Migranti, sigillata la rotta dei Balcani. Ungheria, stato di emergenza

Tusk, chiusura decisione presa a 28

Redazione Ansa

Ancora stragi in mare. Cinque persone, tra cui un neonato di 3 mesi, sono annegate la scorsa notte nel mar Egeo mentre cercavano di raggiungere le coste dell'isola greca di Lesbo dalla Turchia. Lo riferisce l'agenzia statale Anadolu, secondo cui 9 migranti sono stati tratti in salvo dalla Guardia costiera turca. A bordo c'erano persone di nazionalità afghana e iraniana.

"L'Austria mantiene la sua politica, non farà passi indietro rispetto alla posizione che la rotta balcanica resta chiusa. I flussi incontrollati di migranti che si muovono nei Balcani deve diventare una cosa del passato", così il ministro dell'Interno austriaco Johanna Mikl-Leitner. "Il problema più grosso è che i profughi hanno ancora speranze e aspettative, che vengono continuamente alimentate - dice -. La cosa più onesta da fare, è dire loro che ormai è impossibile passare dai Balcani perché la rotta è chiusa".

 "Il flusso irregolare di migranti lungo la rotta dei Balcani occidentali è finito. Non è una questione di azioni unilaterali, ma una decisione comune a 28", così il presidente del Consiglio europeo, Donald Tusk, su Twitter. "Ringrazio i Paesi dei Balcani occidentali per l'attuazione di parte della strategia globale europea per gestire la crisi dei migranti", aggiunge.

Il governo ungherese di Viktor Orban, intanto, ha proclamato lo stato di crisi in tutto il Paese, in seguito alla chiusura della rotta balcanica. Lo ha annunciato il ministro dell'Interno Sandor Pinter oggi a Budapest, in conferenza stampa. In seguito a questa decisione, la polizia e i militari ungheresi saranno rafforzati con altri 1.500 soldati. 

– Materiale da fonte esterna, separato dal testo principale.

(* Let $\mathbb F$ be a field of characteristic $2$, $S=\{R_0,\dots,R_d\}$ a quasi-thin scheme on $X$, $x\in X$, $\mathcal T=\mathcal T(x)$, $E_a^*=E_a^*(x)$, and $\mathcal J_1=\langle\{E_a^*JE_b^*:R_a,R_b\in S,\ \max\{k_a,k_b\}=2\}\rangle_{\mathbb F}$. Then: (i) $MN,NM\in\mathcal J_1$ for all $M\in\mathcal T$ and $N\in\mathcal J_1$; (ii) $N^3=O$ for every $N\in\mathcal J_1$; (iii) $\mathcal J_1$ is a two-sided nilpotent ideal of $\mathcal T$, and in particular $\mathcal J_1$ is contained in the Jacobson radical of $\mathcal T$.
   Context: Let $X$ be a nonempty finite set. A scheme of class $d$ on $X$ is a partition $S=\{R_0,\dots,R_d\}$ of $X\times X$ into nonempty sets such that $R_0=\{(b,b):b\in X\}$; for each $c$ there is $c'$ with $R_{c'}=\{(f,e):(e,f)\in R_c\}$; and for all $i,j,k$ the intersection number $p_{ij}^k=|\{\ell\in X:(m,\ell)\in R_i,(\ell,n)\in R_j\}|$ does not depend on $(m,n)\in R_k$. The valency is $k_a=p_{aa'}^0$; quasi-thin means all $k_a\le 2$. For $y\in X$, $yR_a=\{z:(y,z)\in R_a\}$; $A_a\in M_X(\mathbb F)$ is the $(0,1)$ adjacency matrix of $R_a$, $E_a^*(y)$ is the diagonal $(0,1)$-matrix with ones exactly at positions indexed by $yR_a$, $J$ the all-ones matrix, $O$ the zero matrix; $\mathcal T(y)$ is the $\mathbb F$-subalgebra of $M_X(\mathbb F)$ generated by $A_0,\dots,A_d,E_0^*(y),\dots,E_d^*(y)$. $\langle Y\rangle_{\mathbb F}$ is the $\mathbb F$-span (zero space if $Y=\varnothing$). *)

theory Defs
  imports "HOL-Analysis.Analysis"
begin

Dalla mezzanotte la Slovenia ha di fatto chiuso la rotta balcanica ripristinando in pieno i controlli alle frontiere. La polizia consente l'ingresso solo agli stranieri in possesso di documenti validi per accedere all'area Schengen, a coloro che intendono richiedere la protezione internazionale e a chi necessita di assistenza umanitaria. Ieri il premier Miro Cerar, riferendosi alle conclusioni del summit di Bruxelles, aveva detto che la rotta balcanica non esiste piu'. "Un'intesa" sulle espulsioni collettive di stranieri "verso un Paese terzo non è in accordo con il diritto europeo e internazionale. Dovremo vedere quali saranno le garanzie. Non posso credere che l'Unione europea raggiunga un accordo di riammissione verso un Paese terzo con meno garanzie di quelle previste per la riammissione in un Paese dell'Ue". Così il direttore dell'Unhcr per l'Europa Vincent Cochetel sull'intesa tra l'Ue e la Turchia sui migranti.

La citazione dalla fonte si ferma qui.